Подсудимый Квачков В. В.:
— Прошу истребовать документацию дежурного, ту рабочую тетрадь, где дежурный фиксировал 17 марта сигнал о событии.
На вопрос председательствующего судьи свидетель Иванов С. Л.:
— У Вас имеется такой журнал, где регистрируется подобная информация?
— Наверное, имеется (это ответ начальника штаба! — Б. М.). Но это журнал неофициальный был тогда. Понимаете, тогда был 2005 год, сейчас уже 2006 год. Срок хранения определенный есть. Но может быть так, что дежурный не записал такую информацию. Я думаю, что есть какие-нибудь записи. Каждый месяц приходят новые документы, раньше было одно, а сейчас другое. Я не знаю, смогу ли я тетрадь найти» (т. 46. л.д. 97 — 103).
Изо всех сил противится С. Л. Иванов представить свидетельства, когда и от кого поступила информация «о взрыве и стрельбе в районе 39 км Минского шоссе», не стесняясь, как начальник штаба, отвечающий за всю документацию батальона, говорить то и дело «не знаю», «мне неизвестно», «может быть, а может нет»… Он скрывает источник информации, если вообще информация была, а не сорвался майор С. Л. Иванов с места в заранее обговоренное время, чтобы увидеть то, что надо увидеть в определенное время и в определенном месте, и помчался один, чтобы не было свидетеля, чтобы не расширять круг лиц, участвующих в постановке спектакля «Покушение на видного государственного и общественного деятеля…».
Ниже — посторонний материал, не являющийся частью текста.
(* Let $p$ be a prime, $m\ge1$, $q=p^m$, $\omega$ a primitive $q$-th root of unity in $\mathbb C$, and $U_q$ the set of $q$-th roots of unity. Let $k,r\ge0$, and for $t\in[k]$ let $\alpha_t,\alpha_{t,1},\dots,\alpha_{t,r}\in\{0,1,\dots,q-1\}$. Let $\mathcal L'$ be the CSP instance with variables $x_1,\dots,x_k,y_1,\dots,y_r$, all with domain $U_q$, and constraints $x_t=\omega^{\alpha_t}y_1^{\alpha_{t,1}}\cdots y_r^{\alpha_{t,r}}$ for $t\in[k]$. Let $$G'=\{x_t-\omega^{\alpha_t}y_1^{\alpha_{t,1}}\cdots y_r^{\alpha_{t,r}}:t\in[k]\}\cup\{y_j^{q}-1:j\in[r]\}\subseteq\mathbb C[x_1,\dots,x_k,y_1,\dots,y_r].$$ Then $G'$ is a Gröbner basis, with respect to the lexicographic order with $x_1\succ\dots\succ x_k\succ y_1\succ\dots\succ y_r$, of the ideal $\mathtt I(\mathcal L')=\mathbf I(\mathsf{Sol}(\mathcal L'))$; in particular $\langle G'\rangle=\mathbf I(\mathsf{Sol}(\mathcal L'))$.
   Context: $\mathsf{Sol}(\mathcal L')\subseteq\mathbb C^{k+r}$ is the set of points with all coordinates in $U_q$ satisfying the constraints. $\mathtt I(\mathcal L')$ is the ideal generated by the domain polynomials $z^q-1$ for every variable $z$ and the constraint polynomials; $\mathbf I(S)$ denotes the ideal of all polynomials vanishing on the set $S$. A Gröbner basis of an ideal $I$ for a monomial order is a finite subset $G\subseteq I$ with $\langle\mathrm{LT}(g):g\in G\rangle=\langle\mathrm{LT}(I)\rangle$. Lexicographic order: $x^\alpha\succ x^\beta$ iff the leftmost nonzero entry of $\alpha-\beta$ is positive. *)

theory Defs
  imports Complex_Main "HOL-Library.Poly_Mapping" "HOL-Computational_Algebra.Primes"
begin

text \<open>Multivariate polynomials over the complex numbers in variables indexed by nat:
  a monomial is a finitely supported exponent vector (a poly_mapping from nat to nat), a polynomial is a
  finitely supported map from monomials to coefficients (convolution product).\<close>

type_synonym mon = "nat \<Rightarrow>\<^sub>0 nat"
type_synonym mpoly = "mon \<Rightarrow>\<^sub>0 complex"

definition Const :: "complex \<Rightarrow> mpoly" where
  "Const c = Poly_Mapping.single 0 c"

definition Var :: "nat \<Rightarrow> mpoly" where
  "Var i = Poly_Mapping.single (Poly_Mapping.single i 1) 1"

definition vars_in :: "nat set \<Rightarrow> mpoly \<Rightarrow> bool" where
  "vars_in V p \<longleftrightarrow> (\<forall>mo\<in>Poly_Mapping.keys p. Poly_Mapping.keys (mo::mon) \<subseteq> V)"

definition poly_eval :: "(nat \<Rightarrow> complex) \<Rightarrow> mpoly \<Rightarrow> complex" where
  "poly_eval a p = (\<Sum>mo\<in>Poly_Mapping.keys p. Poly_Mapping.lookup p mo * (\<Prod>i\<in>Poly_Mapping.keys mo. a i ^ Poly_Mapping.lookup mo i))"

definition gen_ideal :: "nat set \<Rightarrow> mpoly set \<Rightarrow> mpoly set" where
  "gen_ideal V G = {f. \<exists>F h. finite F \<and> F \<subseteq> G \<and> (\<forall>g\<in>F. vars_in V (h g))
                          \<and> f = (\<Sum>g\<in>F. h g * g)}"

definition vanishing_ideal :: "nat set \<Rightarrow> (nat \<Rightarrow> complex) set \<Rightarrow> mpoly set" where
  "vanishing_ideal V S = {f. vars_in V f \<and> (\<forall>a\<in>S. poly_eval a f = 0)}"

text \<open>Lexicographic order on monomials: a variable with smaller index is more significant,
  i.e. Var 1 \<succ> Var 2 \<succ> ... . lex_gt a b: the leftmost nonzero entry of a - b is positive.\<close>
definition lex_gt :: "mon \<Rightarrow> mon \<Rightarrow> bool" where
  "lex_gt a b \<longleftrightarrow> (\<exists>i. Poly_Mapping.lookup a i > Poly_Mapping.lookup b i \<and> (\<forall>j<i. Poly_Mapping.lookup a j = Poly_Mapping.lookup b j))"

definition lead_mon :: "mpoly \<Rightarrow> mon" where
  "lead_mon p = (THE mo. mo \<in> Poly_Mapping.keys p \<and> (\<forall>mo'\<in>Poly_Mapping.keys p. mo' \<noteq> mo \<longrightarrow> lex_gt mo mo'))"

definition lead_term :: "mpoly \<Rightarrow> mpoly" where
  "lead_term p = (if p = 0 then 0 else Poly_Mapping.single (lead_mon p) (Poly_Mapping.lookup p (lead_mon p)))"

definition is_groebner_basis :: "nat set \<Rightarrow> mpoly set \<Rightarrow> mpoly set \<Rightarrow> bool" where
  "is_groebner_basis V G I \<longleftrightarrow> finite G \<and> G \<subseteq> I \<and>
     gen_ideal V (lead_term ` G) = gen_ideal V (lead_term ` I)"

text \<open>The CSP instance L': x_t = Var t (t = 1..k), y_j = Var (k + j) (j = 1..r).\<close>
definition roots_of_unity :: "nat \<Rightarrow> complex set" where
  "roots_of_unity q = {z. z ^ q = 1}"

definition constraint_poly ::
  "complex \<Rightarrow> nat \<Rightarrow> nat \<Rightarrow> (nat \<Rightarrow> nat) \<Rightarrow> (nat \<Rightarrow> nat \<Rightarrow> nat) \<Rightarrow> nat \<Rightarrow> mpoly" where
  "constraint_poly \<omega> k r \<alpha> A t =
     Var t - Const (\<omega> ^ \<alpha> t) * (\<Prod>j\<in>{1..r}. Var (k + j) ^ A t j)"

definition Sol ::
  "nat \<Rightarrow> complex \<Rightarrow> nat \<Rightarrow> nat \<Rightarrow> (nat \<Rightarrow> nat) \<Rightarrow> (nat \<Rightarrow> nat \<Rightarrow> nat) \<Rightarrow> (nat \<Rightarrow> complex) set" where
  "Sol q \<omega> k r \<alpha> A = {a. (\<forall>i\<in>{1..k+r}. a i \<in> roots_of_unity q) \<and> (\<forall>i. i \<notin> {1..k+r} \<longrightarrow> a i = 0)
      \<and> (\<forall>t\<in>{1..k}. a t = \<omega> ^ \<alpha> t * (\<Prod>j\<in>{1..r}. a (k + j) ^ A t j))}"

definition CSP_ideal ::
  "nat \<Rightarrow> complex \<Rightarrow> nat \<Rightarrow> nat \<Rightarrow> (nat \<Rightarrow> nat) \<Rightarrow> (nat \<Rightarrow> nat \<Rightarrow> nat) \<Rightarrow> mpoly set" where
  "CSP_ideal q \<omega> k r \<alpha> A = gen_ideal {1..k+r}
     ((\<lambda>i. Var i ^ q - 1) ` {1..k+r} \<union> constraint_poly \<omega> k r \<alpha> A ` {1..k})"

definition G' ::
  "nat \<Rightarrow> complex \<Rightarrow> nat \<Rightarrow> nat \<Rightarrow> (nat \<Rightarrow> nat) \<Rightarrow> (nat \<Rightarrow> nat \<Rightarrow> nat) \<Rightarrow> mpoly set" where
  "G' q \<omega> k r \<alpha> A = constraint_poly \<omega> k r \<alpha> A ` {1..k} \<union> (\<lambda>j. Var (k + j) ^ q - 1) ` {1..r}"

end

(*
  Modulo G', every monomial is a constant multiple of a standard monomial: substitute
  \<omega>^\<alpha>\<^sub>t y^A\<^sub>t for each x\<^sub>t and reduce every exponent of y\<^sub>j modulo q. Hence every f is
  congruent modulo <G'> to its normal form, a polynomial in y\<^sub>1, ..., y\<^sub>r of degree < q in each
  variable. If f vanishes on Sol(L'), so does its normal form; every point of U\<^sub>q^r extends to
  a solution, so the normal form vanishes on U\<^sub>q^r, and orthogonality of the characters of
  (Z/q)^r forces it to be 0. Thus I(Sol(L')) = <G'>.

  For the Groebner property, reduction never increases a monomial lexicographically, so a
  standard monomial that is the leading monomial of f keeps its coefficient in the normal form
  of f. The leading monomial of a nonzero f in I(Sol(L')) is therefore not standard: it is
  divisible by some x\<^sub>t or y\<^sub>j^q, the leading monomials of G'.
*)
theory Submission
  imports Defs "HOL-Library.FuncSet"
begin

abbreviation lookup :: "('a \<Rightarrow>\<^sub>0 'b::zero) \<Rightarrow> 'a \<Rightarrow> 'b" where
  "lookup \<equiv> Poly_Mapping.lookup"
abbreviation keys :: "('a \<Rightarrow>\<^sub>0 'b::zero) \<Rightarrow> 'a set" where
  "keys \<equiv> Poly_Mapping.keys"
abbreviation single :: "'a \<Rightarrow> 'b \<Rightarrow> ('a \<Rightarrow>\<^sub>0 'b::zero)" where
  "single \<equiv> Poly_Mapping.single"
Ведь получается, что, приняв от своего подчиненного, дежурного по батальону, абсолютно непроверенную информацию, ответственный по батальону начальник штаба батальона даже не поинтересовался, от кого она и когда поступила, а ведь речь идет о взрыве и стрельбе на одном из стратегических московских шоссе, вместо этого несется туда один, даже начальство не поставив в известность, а ведь он в это время на ответственном посту, на нем вся жизнь и деятельность большого специального оперативного подразделения. И не такой уж он отчаянный, привыкший и умеющий брать ответственность на себя. И когда, сейчас мы это увидим, встречает в районе происшествия подозрительную машину, он не звонит тут же на подчиненные ему посты ДПС, не требует от них задержать и проверить машину, а лишь доложив своему командиру об увиденной им машине, испросив у того разрешения проверить машину, только тогда начинает что-то делать, а что не отчаянный он вовсе мужик, этот майор С. Л. Иванов, видно из того, как он сам себя характеризует на допросе предельно откровенно: «… показывает мне, мол, вон оттуда стреляют. Я-то не дурак лезть туда, я за машиной встал» (т. 46. л.д. 97 — 103).
Понятно, что не дело начальника штаба батальона, а тем более ответственного по батальону, самому, бросив пост, проверять сигналы, которые часто не подтверждаются. Ну, а если был уверен, если почувствовал, что все это очень серьезно, тогда, как он сам говорит, он обязан был поднять по тревоге вооруженную группу и уж непременно, обязан был, немедленно передать полученную информацию по команде, а не мчаться туда одному.
Из протокола судебного заседания 14 ноября 2006 года:
«— В случае стрельбы на Вашем участке туда прибывает вооруженная группа?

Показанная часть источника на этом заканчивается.